8.2 Short Answer Questions
- Define the role of the "Hidden Bit" in IEEE 754 and explain why it is not physically stored.
- Write the range of 16-bit signed integers in 2's complement and sign-magnitude.
- Explain why arithmetic right shift (ARS) is used instead of logical right shift (LSR) during Booth's algorithm.
8.3 Long Answer / Exam Questions
- Trace the Booth's multiplication algorithm step-by-step for $M = -9$ (Multiplicand) and $Q = -6$ (Multiplier) using 5-bit signed numbers. Show the trace table including A, Q, and $Q_{-1}$ at each step, and verify the final result.
- Show the complete steps of floating-point addition to calculate the sum of $A = 0.75_{10}$ and $B = 4.25_{10}$ in IEEE 754 single-precision format. Show exponent comparison, mantissa shift alignment, addition, and normalization.
8.4 Viva Voce Questions
- "What is a subnormal number in IEEE 754, and why do modern CPUs experience performance penalties when processing them?" Model Answer: A subnormal (denormalized) number is a floating-point value where the exponent field is all 0s but the mantissa is non-zero. They represent numbers extremely close to zero and use an implicit hidden bit of $0$. Many CPUs cannot process denormalized values in their fast hardware pipelines, forcing them to trap to microcode or software routines, causing a massive performance penalty.

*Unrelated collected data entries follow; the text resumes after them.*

(* Let $(q_l)_{l\ge1}$ be positive numbers with $q_1=1$ and $0<R:=\lim_{l\to\infty}q_l/q_{l+1}<\infty$, and assume (NEQ): $\tilde f(1)<1$, or $\tilde f(1)=1$ and $\tilde g(1)=\infty$. Let $\rho^*>0$. Then $$\inf\{\tilde A(z):\ z\in X_{0+},\ \rho(z)=\rho^*\}=0,$$ and this infimum is not attained by any $z\in X_{0+}$ with $\rho(z)=\rho^*$.
   Context: $X=\{z=(z_l)_{l\ge1}:\sum_l l|z_l|<\infty\}$, $X_{0+}$ its nonnegative elements, $\rho(z)=\sum_l lz_l$, $N(z)=\sum_l z_l$. Set $\tilde q_l=q_lR^l$, $\tilde f(\mu)=\sum_{l\ge1}\tilde q_l\mu^l$, $\tilde g(\mu)=\sum_{l\ge1}l\tilde q_l\mu^l$, $\tilde f(1)=\sum_l\tilde q_l\in(0,\infty]$, $\tilde g(1)=\sum_l l\tilde q_l\in(0,\infty]$. For $z\in X_{0+}\setminus\{0\}$, $\tilde A(z)=\sum_l z_l\ln\big(z_l/(\tilde q_lN(z))\big)$ with $0\ln0=0$, and $\tilde A(0)=0$. *)

theory Defs
  imports "HOL-Analysis.Analysis"
begin

(* Sequences z = (z_l)_{l>=1} are represented as functions nat => real;
   the unused index 0 is fixed to 0 in the carrier X_{0+}. *)

definition X0plus :: "(nat \<Rightarrow> real) set" where
  "X0plus = {z. z 0 = 0 \<and> (\<forall>l\<ge>1. 0 \<le> z l) \<and>
                summable (\<lambda>l. real (Suc l) * \<bar>z (Suc l)\<bar>)}"

definition rho :: "(nat \<Rightarrow> real) \<Rightarrow> real" where
  "rho z = (\<Sum>l. real (Suc l) * z (Suc l))"

definition Nmass :: "(nat \<Rightarrow> real) \<Rightarrow> real" where
  "Nmass z = (\<Sum>l. z (Suc l))"

definition qt :: "(nat \<Rightarrow> real) \<Rightarrow> real \<Rightarrow> nat \<Rightarrow> real" where
  "qt q R l = q l * R ^ l"

(* tilde A(z) = sum_{l>=1} z_l ln(z_l / (tilde q_l N(z))), with 0 ln 0 = 0
   (automatic, since 0 * ln _ = 0), and tilde A(0) = 0 *)
definition Atilde :: "(nat \<Rightarrow> real) \<Rightarrow> real \<Rightarrow> (nat \<Rightarrow> real) \<Rightarrow> real" where
  "Atilde q R z = (if z = (\<lambda>_. 0) then 0 else
     (\<Sum>l. z (Suc l) * ln (z (Suc l) / (qt q R (Suc l) * Nmass z))))"

(* condition (NEQ): f~(1) < 1, or f~(1) = 1 and g~(1) = infinity
   (f~(1), g~(1) are sums of nonnegative terms, so "< infinity" = summable) *)
definition NEQ :: "(nat \<Rightarrow> real) \<Rightarrow> real \<Rightarrow> bool" where
  "NEQ q R \<longleftrightarrow>
     (summable (\<lambda>l. qt q R (Suc l)) \<and> (\<Sum>l. qt q R (Suc l)) < 1) \<or>
     (summable (\<lambda>l. qt q R (Suc l)) \<and> (\<Sum>l. qt q R (Suc l)) = 1 \<and>
      \<not> summable (\<lambda>l. real (Suc l) * qt q R (Suc l)))"

end

(*
  For z \<noteq> 0 with mass N = N(z), Atilde(z) is N times the relative entropy of the probability
  z/N with respect to the sub-probability qt, so Gibbs' inequality gives
  Atilde(z) \<ge> N (1 - ft(1)) \<ge> 0, with equality only if ft(1) = 1 and z = N qt. Under (NEQ) the
  latter forces rho(z) = N gt(1) = \<infinity>, so Atilde is strictly positive on the constraint set.
  On the other hand, putting all the density rhostar on the single size k costs
  Atilde = - rhostar ln(qt k) / k, which tends to 0 because qt (k+1) / qt k \<rightarrow> 1; the same ratio
  limit bounds qt from below by e^(-B l), which makes the entropy series summable.
*)
theory Submission
  imports Defs
begin

lemma ln_less_minus_one:
  fixes t :: real
  assumes "0 < t" "t \<noteq> 1"
  shows "ln t < t - 1"
proof -
  have "sqrt t \<noteq> 1" using assms by simp
  then have "0 < (sqrt t - 1)\<^sup>2" by simp
  have "ln t = 2 * ln (sqrt t)" using assms by (simp add: ln_sqrt)
  also have "\<dots> \<le> 2 * (sqrt t - 1)" using assms ln_le_minus_one[of "sqrt t"] by simp
  also have "\<dots> = t - 1 - (sqrt t - 1)\<^sup>2" using assms by (simp add: power2_eq_square algebra_simps)
  also have "\<dots> < t - 1" using \<open>0 < (sqrt t - 1)\<^sup>2\<close> by simp
  finally show ?thesis .
qed

lemma diff_less_x_ln_div:
  fixes x y :: real
  assumes "0 \<le> x" "0 < y" "x \<noteq> y"
  shows "x - y < x * ln (x / y)"
proof (cases "x = 0")
  case False
  then have "0 < x" using assms by simp
  have "ln (y / x) < y / x - 1"
    using assms \<open>0 < x\<close> by (intro ln_less_minus_one) auto
  then have "x * (1 - y / x) < x * ln (x / y)"
    using assms \<open>0 < x\<close> by (simp add: ln_div)
  then show ?thesis using \<open>0 < x\<close> by (simp add: algebra_simps)
qed (use assms in simp)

- "Why does 2's complement subtraction not require separate subtraction logic circuits in the ALU?" Model Answer: Because $A - B$ is mathematically equivalent to $A + (-B)$. The ALU can negate the input $B$ using bitwise NOT gates and setting the carry-in ($C_0$) of the adder to $1$, allowing the standard binary adder circuit to perform the subtraction.